[Lustre-discuss] [Lustre-devel] Integrity and corruption - can file systems be scalable?

Sat Jul 3 13:03:58 PDT 2010

>> I wrote a blog post that pertains to Lustre scalability and
>> data integrity. You can find it here:
>> http://braamstorage.blogspot.com

Ah amusing, but a bit late to the party. The DBMS community have
been dealing with these issues for a very long time; consider the
canonical definitions of "database" and "very large database":

* "database": a mass of data whose working set cannot be held
  in memory; a mass of data where every access involves at least
  one physical IO.

* "very large database": a mass of data that cannot be
  realistically taken offline for maintenance; a mass of data
  that takes "too long" to backup or check.

But I am very pleased that the "fsck wall" is getting wider
exposure, I have been pointing it out in my little corner for
years.

> [ ... ] like Veritas already solved this by

> 1. Integrating the Volume management and File system. The file
>    system can be spread across many volumes.

That's both crazy and nearly pointless. It is at best a dubious
convenience.

> 2. Dividing the file system into a group of file sets(like
>    data, metadata, checkpoints) , and allowing the policies to
>    keep different filesets on different volumes.

That's also crazy and nearly pointless, as described.

> 3. Creating the checkpoints (they are sort of like volume
>    snapshots, but they are created inside the file system
>    itself). [ ... ]

These are an ancient feature of many fs designs, and for various
reasons versioned filesystems have never been that popular. In
part because of performance, in part because it is not that
useful, in part because it is the wrong abstraction levbel.

> 4. Parallel fsck - if the filesystem consists of the
>    allocation units - a sort of the sub- file systems, or
>    cylinder groups, then the fsck can be started in parallel
>    on those units.

This either is pointless or not that useful. This can be done
fairly trivially by using many filesystems, and creating a
single namespace by "mounting" them together; of course then one
does not have a single free storage pool, even if the namespace
is stitched together.

But it is exceptionally difficult to have a single storage pool
*and* chunking (as soon as object contents are spread across
mutiple chunks 'fsck' becomes hard, and if objects contents are
not spread across multiple chunks, you don't really have a single
storage pool).

The fundamental problem with 'fsck' is that:

* Data access scales up by using RAID, as N disks, with suitable
  access patterns, give a speedup of up to N (either in bandwidth
  or IOPS), so it is feasible to create very large storage
  systems by driving parallelism up at the data level.

* Unfortunately while data performance *can* scale with the
  number of disks, metadata access cannot, because it is driven
  by wholly different access patterns, usually more graph-like
  than stream-like. In essence 'fsck' is a garbage collector, and
  thus it is both unavoidable, and exceptionally hard to
  parallelize.

Note also that the "IOPS wall" (similar to the "memory wall"),
where storage device capacity and bandwith grow faster than IOPS,
eventually calls into question even data scalability, and in some
applications (like the Lustre MDS) that is already quite apparent.
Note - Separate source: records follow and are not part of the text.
lemma coupling_Lipschitz_integral_diff:
  fixes f :: "real^'n \<Rightarrow> real"
  assumes coupling: "coupling \<pi> p q"
    and cost: "(\<integral>\<^sup>+z. ennreal (norm (fst z - snd z)) \<partial>\<pi>) \<le> ennreal c" "0 \<le> c"
    and f: "f \<in> borel_measurable borel" "\<And>x. \<bar>f x\<bar> \<le> B"
    and Lipschitz: "\<And>x y. \<bar>f x - f y\<bar> \<le> L * norm (x - y)" "0 \<le> L"
  shows "\<bar>(\<integral>x. f x \<partial>p) - (\<integral>x. f x \<partial>q)\<bar> \<le> L * c"
proof -
  interpret prob_space \<pi>
    using coupling by (simp add: coupling_def)
  have sets: "sets \<pi> = sets borel" and marginals: "distr \<pi> borel fst = p" "distr \<pi> borel snd = q"
    using coupling by (simp_all add: coupling_def)
  have [measurable]: "f \<circ> fst \<in> borel_measurable \<pi>" "f \<circ> snd \<in> borel_measurable \<pi>"
    using f(1) by (simp_all add: measurable_cong_sets[OF sets refl])
  have integrable: "integrable \<pi> (f \<circ> fst)" "integrable \<pi> (f \<circ> snd)"
    using f(2) by (auto intro!: integrable_const_bound[where B = B])
  have "(\<integral>x. f x \<partial>p) - (\<integral>x. f x \<partial>q) = (\<integral>z. f (fst z) - f (snd z) \<partial>\<pi>)"
    using integrable f(1) unfolding marginals[symmetric]
    by (simp add: integral_distr measurable_cong_sets[OF sets refl] comp_def)
  then have "ennreal \<bar>(\<integral>x. f x \<partial>p) - (\<integral>x. f x \<partial>q)\<bar>
      \<le> (\<integral>\<^sup>+z. ennreal \<bar>f (fst z) - f (snd z)\<bar> \<partial>\<pi>)"
    using integral_norm_bound_ennreal[of \<pi> "\<lambda>z. f (fst z) - f (snd z)"] integrable
    by (simp add: comp_def)
  also have "\<dots> \<le> (\<integral>\<^sup>+z. ennreal L * ennreal (norm (fst z - snd z)) \<partial>\<pi>)"
    using Lipschitz by (intro nn_integral_mono) (simp add: ennreal_mult[symmetric] ennreal_leI)
  also have "\<dots> = ennreal L * (\<integral>\<^sup>+z. ennreal (norm (fst z - snd z)) \<partial>\<pi>)"
    by (intro nn_integral_cmult) (simp add: measurable_cong_sets[OF sets refl])
  also have "\<dots> \<le> ennreal L * ennreal c"
    using cost(1) by (rule mult_left_mono) simp
  also have "\<dots> = ennreal (L * c)"
    using cost(2) Lipschitz(2) by (simp add: ennreal_mult)
  finally show ?thesis
    using cost Lipschitz(2) by (simp add: ennreal_le_iff)
qed
text \<open>
  Gluing rescaled copies of a smooth step function shows that every sequence converging
  rapidly enough in each coordinate lies on a structure curve \<open>c\<close>, with \<open>c 0\<close> its limit.
  Since \<open>f \<circ> c\<close> is smooth, \<open>f\<close> is sequentially continuous along such sequences, hence
  continuous on every finite-dimensional slice through \<open>x\<close>. Moreover \<open>f\<close> depends only on
  finitely many coordinates near \<open>x\<close>: otherwise there are points \<open>Y\<^sub>k\<close>, \<open>Z\<^sub>k\<close> tending
  rapidly to \<open>x\<close>, agreeing in the first \<open>k\<close> coordinates, with \<open>f Y\<^sub>k \<noteq> f Z\<^sub>k\<close>. A curve
  through \<open>Y\<^sub>0, Z\<^sub>0, Y\<^sub>1, Z\<^sub>1, \<dots>\<close> which spends much less time than \<open>\<bar>f Y\<^sub>k - f Z\<^sub>k\<bar>\<close>
  between \<open>Y\<^sub>k\<close> and \<open>Z\<^sub>k\<close> makes the derivative of \<open>f \<circ> c\<close> unbounded on a compact interval.
\<close>

section \<open>Smooth functions of one real variable\<close>

fun times_differentiable :: "nat \<Rightarrow> (real \<Rightarrow> real) \<Rightarrow> bool" where
  "times_differentiable 0 f = True"
| "times_differentiable (Suc n) f \<longleftrightarrow>
     (\<exists>f'. (\<forall>t. (f has_real_derivative f' t) (at t)) \<and> times_differentiable n f')"

lemma times_differentiable_const: "times_differentiable n (\<lambda>t. c)"
  by (induction n arbitrary: c) (auto intro!: exI[of _ "\<lambda>t. 0"])

lemma times_differentiable_add:
  "times_differentiable n f \<Longrightarrow> times_differentiable n g \<Longrightarrow>
   times_differentiable n (\<lambda>t. f t + g t)"
proof (induction n arbitrary: f g)
  case (Suc n)
  then obtain f' g' where "\<forall>t. (f has_real_derivative f' t) (at t)" "times_differentiable n f'"
     "\<forall>t. (g has_real_derivative g' t) (at t)" "times_differentiable n g'" by auto
  then show ?case
    using Suc.IH by (auto intro!: exI[of _ "\<lambda>t. f' t + g' t"] derivative_intros)
qed simp

lemma times_differentiable_Suc_imp:
  "times_differentiable (Suc n) f \<Longrightarrow> times_differentiable n f"
  by (induction n arbitrary: f) auto

lemma times_differentiable_mult:
  "times_differentiable n f \<Longrightarrow> times_differentiable n g \<Longrightarrow>
   times_differentiable n (\<lambda>t. f t * g t)"
proof (induction n arbitrary: f g)
  case (Suc n)
  then obtain f' g' where d: "\<forall>t. (f has_real_derivative f' t) (at t)" "times_differentiable n f'"
     "\<forall>t. (g has_real_derivative g' t) (at t)" "times_differentiable n g'" by auto
  have "times_differentiable n f" "times_differentiable n g"
    using Suc.prems times_differentiable_Suc_imp by blast+
  then have "times_differentiable n (\<lambda>t. f t * g' t + f' t * g t)"
    using Suc.IH d by (intro times_differentiable_add) auto
  moreover have "\<forall>t. ((\<lambda>t. f t * g t) has_real_derivative f t * g' t + f' t * g t) (at t)"
    using d by (auto intro!: derivative_eq_intros)
  ultimately show ?case by auto
qed simp

lemma times_differentiable_inverse:
  "times_differentiable n g \<Longrightarrow> (\<forall>t. g t \<noteq> 0) \<Longrightarrow>
   times_differentiable n (\<lambda>t. inverse (g t))"
proof (induction n arbitrary: g)
  case (Suc n)
  then obtain g' where d: "\<forall>t. (g has_real_derivative g' t) (at t)" "times_differentiable n g'"
    by auto
  have "times_differentiable n (\<lambda>t. inverse (g t))"
    using Suc times_differentiable_Suc_imp by blast
  then have "times_differentiable n (\<lambda>t. g' t * (- 1) * inverse (g t) * inverse (g t))"
    using d by (intro times_differentiable_mult times_differentiable_const) auto
  moreover have "\<forall>t. ((\<lambda>t. inverse (g t)) has_real_derivative
      g' t * (- 1) * inverse (g t) * inverse (g t)) (at t)"
    using d Suc.prems by (auto intro!: derivative_eq_intros simp: field_simps power2_eq_square)
  ultimately show ?case by auto
qed simp

lemma times_differentiable_affine:
  "times_differentiable n f \<Longrightarrow> times_differentiable n (\<lambda>t. f (a * t + b))"
proof (induction n arbitrary: f)
  case (Suc n)
  then obtain f' where d: "\<forall>t. (f has_real_derivative f' t) (at t)" "times_differentiable n f'"
    by auto
  have "times_differentiable n (\<lambda>t. f' (a * t + b) * a)"
    using Suc.IH d by (intro times_differentiable_mult times_differentiable_const) auto
  moreover have "\<forall>t. ((\<lambda>t. f (a * t + b)) has_real_derivative f' (a * t + b) * a) (at t)"
    using d by (auto intro!: derivative_eq_intros DERIV_chain2[where f=f])
  ultimately show ?case by auto
qed simp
> Well, the ZFS does solve many of these issues, but in a
> different way, too.

ZFS is not the solution to almost any problem, except perhaps
sysadmin convenience.

The UNIX lesson is that the main job of a file system is to
provide a simple, trivial "dataspace" abstraction layer, and that
trying to have it address storage (for example checksumming) or
application layer (for example indices) concerns is poor design.
It does seem quite convenient though (to the sort of people who
want to do triple parity RAID and 46+2 RAID6 arrays, or build
large filesystems as LVM2 concats [VGs] spanning several disks).

> So, my point is that this probably has to be solved on the
> backend side of the Lustre, rather than inside the Lustre.

The Lustre has embodies a very specific set of tradeoffs aimed at
a specific "sweet spot" as described by PeterB in his blogpost.
Violating design integrity usually is very painful. A wholly new
design is probably needed.

As to scalability there is a proof of existence for extremely
scalable file system designs, and that is GoogleFS, and it
embodies pretty extreme tradeoffs (far more extreme than Lustre)
in pursuit of scalability.

If GoogleFS is the state of the art, then I suspect that very
scalable, fine grained, and highly efficient are incompatible
goals (and very, very rarely a requirement either).

BTW I am occasionally reminded of two ancient MIT TRs, one by
Peter Bishop about distributed persistent garbage collection, and
one by Svobodova on object histories in the swallow repository.